Introduction

Rice (Oryza sativa L) is one of the major cereal crops feeding more than three billion population and accounts for 20% of the world’s total calorie intake. The doubling of the rice productivity was achieved by adopting semi-dwarf varieties for lodging resistance in the 1960s and hybrid rice technology in the 1970s. However, the rise in the yield levels were led to the excess usage of fertilizers and pesticides causing adverse environmental effects in rice-producing areas besides shooting up cost of the cultivation. Moreover, the demand for rice is continuously increasing to meet the food requirement of the rapidly growing global population (Singh et al. 2018and Wang et al. 2020). Hence, there is an urgent need to substantially enhance the productivity of rice with the existing ever-shrinking cultivable area while addressing climate change.

Rice yield or productivity is a complex trait multiplicatively determined by three main component traits viz., grain number, panicle number, and grain weight (Sakamoto and Matsuoka 2008; Xing and Zhang 2010; Wang et al. 2020). Of these, grain number per panicle is the major yield attributing trait in rice (Wang et al. 2020). Grain number per panicle is highly variable and mainly correlated with the architecture of the panicle that includes the number of primary and secondary branches, panicle length, and percentage of filled grains. Multiple genes are involved in regulating the inheritance of the grain number trait that shows continuous variation in the segregating populations. Hence, identification of the genetic basis responsible for grain number would be of great value in the breeding of high-yielding rice varieties. During the last two decades, many Quantitative Trait Loci (QTLs)/genes viz., Gn1a (Ashikari et al., 2005), DEP1 (Huang et al. 2009), qGN4.1(Deshmukh et al. 2010)OsSPL14 (Jiao et al. 2010), NAL1 (SPIKEGPSLSCHL4, and SS1), GNP1 (Wu et al. 2016a, b), qGN1c (Xu et al. 2019) controlling the grain number trait have been mapped, cloned, and functionally characterized in rice. However, the molecular mechanism of grain number trait formation is still far from a clear understanding as DNA marker development and genotyping are the most time-consuming and costly procedures in conventional QTL mapping.

Next-Generation Sequencing (NGS) technologies have facilitated the development of several efficient techniques for gene or locus mapping. Among them, NGS-based QTL-seq approach has successfully identified and mapped many QTLs in rice (Takagi et al. 2013; Daware et al. 2016; Ogiso-Tanaka et al. 2017; Yaobin et al. 2018; Kadambari et al. 2018; Arikit et al. 2019; Lei et al. 2020 and Bommisetty et al. 2020), chickpea (Singh et al. 2017), cucumber (Lu et al. 2014), and tomato (Illa-Berenguer et al. 2015 and Ruangrak et al. 2019).

Identification of QTL region that consists of numerous genes of targeted trait is a challenging task.
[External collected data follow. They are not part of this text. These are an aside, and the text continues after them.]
(* Let $p\neq 2$ be a prime and $G=Z_{p^{\lambda_1}}\times\cdots\times Z_{p^{\lambda_n}}$ with $\lambda_1\le\cdots\le\lambda_n$. Then for any $i\in\{1,\dots,n\}$, $\mathrm{Char}(G)\cong\mathrm{Char}(G\times Z_{p^{\lambda_i}})$.
   Context: $\mathrm{Char}(G)$ denotes the lattice of characteristic subgroups of $G$. *)

theory Defs
  imports "HOL-Algebra.Algebra"
begin

definition char_subgroups :: "('a, 'b) monoid_scheme \<Rightarrow> 'a set set" where
  "char_subgroups G = {H. subgroup H G \<and> (\<forall>\<phi> \<in> iso G G. \<phi> ` H = H)}"

definition lattice_iso_sets :: "'a set set \<Rightarrow> 'b set set \<Rightarrow> bool" where
  "lattice_iso_sets L M \<longleftrightarrow>
     (\<exists>f. bij_betw f L M \<and> (\<forall>A\<in>L. \<forall>B\<in>L. A \<subseteq> B \<longleftrightarrow> f A \<subseteq> f B))"

definition cyclic_prod :: "nat \<Rightarrow> nat \<Rightarrow> (nat \<Rightarrow> nat) \<Rightarrow> (nat \<Rightarrow> int) monoid" where
  "cyclic_prod p n l = product_group {0..<n} (\<lambda>k. integer_mod_group (p ^ l k))"

end

theory Submission
  imports Defs
begin

text \<open>Write \<open>A = \<Prod>\<^sub>k \<int>/m\<^sub>k\<close> with every \<open>m\<^sub>k\<close> odd. Since \<open>2\<close> is invertible modulo every \<open>m\<^sub>k\<close>,
  doubling the coordinates in a set \<open>S\<close> is an automorphism, and dividing it by the identity
  shows that a characteristic subgroup \<open>H\<close> contains the coordinate parts of its elements.
  Diagonal entries of an endomorphism act on a coordinate as multiplications, off-diagonal
  entries through the automorphisms \<open>x \<mapsto> x + g x\<close> with \<open>g\<^sup>2 = 0\<close>; hence characteristic
  subgroups of \<open>A\<close> are fully invariant. In \<open>B = A \<times> \<int>/m\<^sub>i\<close> a characteristic subgroup \<open>K\<close>
  splits as \<open>(K \<inter> A) \<times> (K \<inter> \<int>/m\<^sub>i)\<close>, and the automorphism swapping the new factor with
  the \<open>i\<close>-th one identifies the second part with the \<open>i\<close>-th coordinate of the first.
  So \<open>H \<mapsto> H \<times> {y. e\<^sub>i y \<in> H}\<close> is the lattice isomorphism.\<close>

lemma (in group_hom) subgroup_vimage:
  assumes "subgroup K H"
  shows "subgroup {x \<in> carrier G. h x \<in> K} G"
  by (rule G.subgroupI) (use assms in \<open>auto simp: subgroup.m_closed subgroup.m_inv_closed
      subgroup.one_closed intro!: exI[of _ "\<one>\<^bsub>G\<^esub>"]\<close>)

lemma char_subgroups_closed:
  "H \<in> char_subgroups G \<Longrightarrow> \<phi> \<in> iso G G \<Longrightarrow> x \<in> H \<Longrightarrow> \<phi> x \<in> H"
  unfolding char_subgroups_def by blast

lemma char_subgroups_subset: "H \<in> char_subgroups G \<Longrightarrow> H \<subseteq> carrier G"
  unfolding char_subgroups_def using subgroup.subset by blast

lemma (in group) char_subgroupsI:
  assumes "subgroup H G" and "\<And>\<phi>. \<phi> \<in> iso G G \<Longrightarrow> \<phi> ` H \<subseteq> H"
  shows "H \<in> char_subgroups G"
proof -
  have "H \<subseteq> \<phi> ` H" if \<phi>: "\<phi> \<in> iso G G" for \<phi>
  proof
    fix z assume "z \<in> H"
    then have "inv_into (carrier G) \<phi> z \<in> H" and "z \<in> carrier G"
      using assms iso_set_sym[OF \<phi>] subgroup.subset by blast+
    moreover have "bij_betw \<phi> (carrier G) (carrier G)" using \<phi> by (simp add: iso_def)
    ultimately show "z \<in> \<phi> ` H" by (metis bij_betw_inv_into_right imageI)
  qed
  with assms show ?thesis unfolding char_subgroups_def by (blast intro: subset_antisym)
qed

lemma (in comm_group) transvection_iso:
  assumes g: "g \<in> hom G G" and gg: "\<And>x. x \<in> carrier G \<Longrightarrow> g (g x) = \<one>"
  shows "(\<lambda>x. x \<otimes> g x) \<in> iso G G"
proof -
  interpret g: group_hom G G g using g by (simp add: group_hom_def group_hom_axioms_def is_group)
  have gc: "\<And>x. x \<in> carrier G \<Longrightarrow> g x \<in> carrier G" using hom_in_carrier[OF g] .
  show ?thesis
  proof (rule group_isomorphisms_imp_iso, unfold group_isomorphisms_def, intro conjI ballI)
    show "(\<lambda>x. x \<otimes> g x) \<in> hom G G"
      by (rule homI) (simp_all add: gc m_ac)
    show "(\<lambda>x. x \<otimes> inv g x) \<in> hom G G"
      by (rule homI) (simp_all add: gc m_ac inv_mult)
    fix x assume x: "x \<in> carrier G"
    show "x \<otimes> g x \<otimes> inv g (x \<otimes> g x) = x" and "x \<otimes> inv g x \<otimes> g (x \<otimes> inv g x) = x"
      using x gc gg by (simp_all add: m_assoc g.hom_inv)
  qed
qed

lemma integer_mod_group_hom_zero:
  assumes "h \<in> hom (integer_mod_group a) (integer_mod_group b)"
  shows "h 0 = 0"
proof -
  have "group_hom (integer_mod_group a) (integer_mod_group b) h"
    using assms by (simp add: group_hom_def group_hom_axioms_def)
  then show ?thesis using group_hom.hom_one by fastforce
qed

text \<open>\<open>1 mod a\<close> rather than \<open>1\<close>, so that the trivial group \<open>a = 1\<close> is covered too.\<close>
lemma integer_mod_group_hom_eq:
  assumes h: "h \<in> hom (integer_mod_group a) (integer_mod_group b)"
    and c: "c \<in> carrier (integer_mod_group a)" and "a > 0"
  shows "h c = (c * h (1 mod int a)) mod int b"
proof -
  have c0: "0 \<le> c" "c < int a" and one: "1 mod int a \<in> carrier (integer_mod_group a)"
    using c \<open>a > 0\<close> by (auto simp: carrier_integer_mod_group)
  then have "h c = h ((1 mod int a) [^]\<^bsub>integer_mod_group a\<^esub> nat c)"
    by (simp add: mod_mult_right_eq)
  also have "\<dots> = h (1 mod int a) [^]\<^bsub>integer_mod_group b\<^esub> nat c"
    by (rule hom_nat_pow[OF h one group_integer_mod_group group_integer_mod_group])
  also have "\<dots> = (c * h (1 mod int a)) mod int b"
    using c0 by simp
  finally show ?thesis .
qed

section \<open>Products of cyclic groups of odd order\<close>

locale odd_cyclic_product =
  fixes n :: nat and m :: "nat \<Rightarrow> nat"
  assumes odd_moduli: "\<And>k. k < n \<Longrightarrow> odd (m k)"
begin

definition A :: "(nat \<Rightarrow> int) monoid" where
  "A = product_group {0..<n} (\<lambda>k. integer_mod_group (m k))"

lemma moduli_pos: "k < n \<Longrightarrow> 0 < m k"
  using odd_moduli odd_pos by blast
lemma lookup_var_coeff: "lookup (var_coeff n j p) mo = (if lookup mo n = 0 then lookup p (mo + single n j) else 0)"
proof -
  have "{mo. (if lookup mo n = 0 then lookup p (mo + single n j) else 0) \<noteq> 0}
      \<subseteq> (\<lambda>T. T - single n j) ` Poly_Mapping.keys p"
  proof
    fix mo assume "mo \<in> {mo. (if lookup mo n = 0 then lookup p (mo + single n j) else 0) \<noteq> 0}"
    then have "mo + single n j \<in> Poly_Mapping.keys p" by (auto simp: in_keys_iff split: if_splits)
    then show "mo \<in> (\<lambda>T. T - single n j) ` Poly_Mapping.keys p"
      by (intro image_eqI[of _ _ "mo + single n j"]) simp_all
  qed
  then have "finite {mo. (if lookup mo n = 0 then lookup p (mo + single n j) else 0) \<noteq> 0}"
    by (rule finite_subset) simp
  then show ?thesis unfolding var_coeff_def by simp
qed

lemma var_coeff_add: "var_coeff n j (p + q) = var_coeff n j p + var_coeff n j q"
  by (rule poly_mapping_eqI) (simp add: lookup_var_coeff lookup_add)

lemma var_coeff_diff: "var_coeff n j (p - q) = var_coeff n j p - var_coeff n j q"
  by (rule poly_mapping_eqI) (simp add: lookup_var_coeff lookup_minus)

lemma var_coeff_zero: "var_coeff n j 0 = 0"
  by (rule poly_mapping_eqI) (simp add: lookup_var_coeff)

lemma var_coeff_sum: "var_coeff n j (sum g A) = (\<Sum>x\<in>A. var_coeff n j (g x))"
  by (induction A rule: infinite_finite_induct) (auto simp: var_coeff_zero var_coeff_add)

lemma var_coeff_single_mult:
  assumes "lookup a n = 0"
  shows "var_coeff n j (single a x * X) = single a x * var_coeff n j X"
proof (rule poly_mapping_eqI)
  fix mo
  show "lookup (var_coeff n j (single a x * X)) mo = lookup (single a x * var_coeff n j X) mo"
  proof (cases "lookup mo n = 0")
    case True
    have le: "(\<forall>i. lookup a i \<le> lookup (mo + single n j) i) \<longleftrightarrow> (\<forall>i. lookup a i \<le> lookup mo i)"
    proof
      assume h: "\<forall>i. lookup a i \<le> lookup (mo + single n j) i"
      show "\<forall>i. lookup a i \<le> lookup mo i"
      proof
        fix i show "lookup a i \<le> lookup mo i"
        proof (cases "i = n")
          case True then show ?thesis using assms by simp
        next
          case False then show ?thesis using h[rule_format, of i] by (simp add: lookup_add lookup_single)
        qed
      qed
    next
      assume h: "\<forall>i. lookup a i \<le> lookup mo i"
      show "\<forall>i. lookup a i \<le> lookup (mo + single n j) i"
        using h by (simp add: lookup_add trans_le_add1)
    qed
    have eq: "(mo + single n j) - a = (mo - a) + single n j" if "\<forall>i. lookup a i \<le> lookup mo i"
      by (rule poly_mapping_eqI) (use that in \<open>simp add: lookup_add lookup_minus\<close>)
    have z: "lookup (mo - a) n = 0" using True assms by (simp add: lookup_minus)
    show ?thesis using True le eq z by (auto simp: lookup_var_coeff lookup_single_mult)
  next
    case False
    have "lookup (mo - a) n \<noteq> 0" using False assms by (simp add: lookup_minus)
    then show ?thesis using False by (auto simp: lookup_var_coeff lookup_single_mult)
  qed
qed

lemma var_coeff_mult_left:
  assumes "\<forall>mo\<in>Poly_Mapping.keys r. lookup mo n = 0"
  shows "var_coeff n j (r * X) = r * var_coeff n j X"
proof -
  have "var_coeff n j (r * X) = (\<Sum>mo\<in>Poly_Mapping.keys r. var_coeff n j (single mo (lookup r mo) * X))"
    by (subst poly_mapping_sum_single[of r]) (simp add: sum_distrib_right var_coeff_sum)
  also have "\<dots> = (\<Sum>mo\<in>Poly_Mapping.keys r. single mo (lookup r mo) * var_coeff n j X)"
    by (rule sum.cong) (use assms in \<open>auto simp: var_coeff_single_mult\<close>)
  also have "\<dots> = r * var_coeff n j X"
    by (subst (2) poly_mapping_sum_single[of r]) (simp add: sum_distrib_right)
  finally show ?thesis .
qed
However, with the availability of high-quality reference genome and advances in DNA sequencing technologies, now it is becoming very easy to map and precisely pinpointing the underpinning genes in QTL regions. Hence, the present research work was formulated to identify genomic regions determining grain number in rice employing QTL-seq approach in F2 mapping population and confirmed the identified QTLs additionally in BC1F2 and F3 populations.

Materials and methods

Development and phenotyping of mapping populations for grain number per panicle

In the present study, BPT5204 (Samba Mahsuri) was crossed with NLR33892 (Pardhiva) to develop an F2 mapping population for mapping of grain number QTLs using the QTL-seq approach. BPT5204 is a fine-grained medium-duration high-yielding variety with moderate grain number developed at Agricultural College, Acharya NG Ranga Agricultural University (ANGRAU), Bapatla, Andhra Pradesh, India, whereas NLR33892 is a long duration, photosensitive variety, with high grain number, developed at Agricultural Research Station, ANGRAU, Nellore, Andhra Pradesh, India.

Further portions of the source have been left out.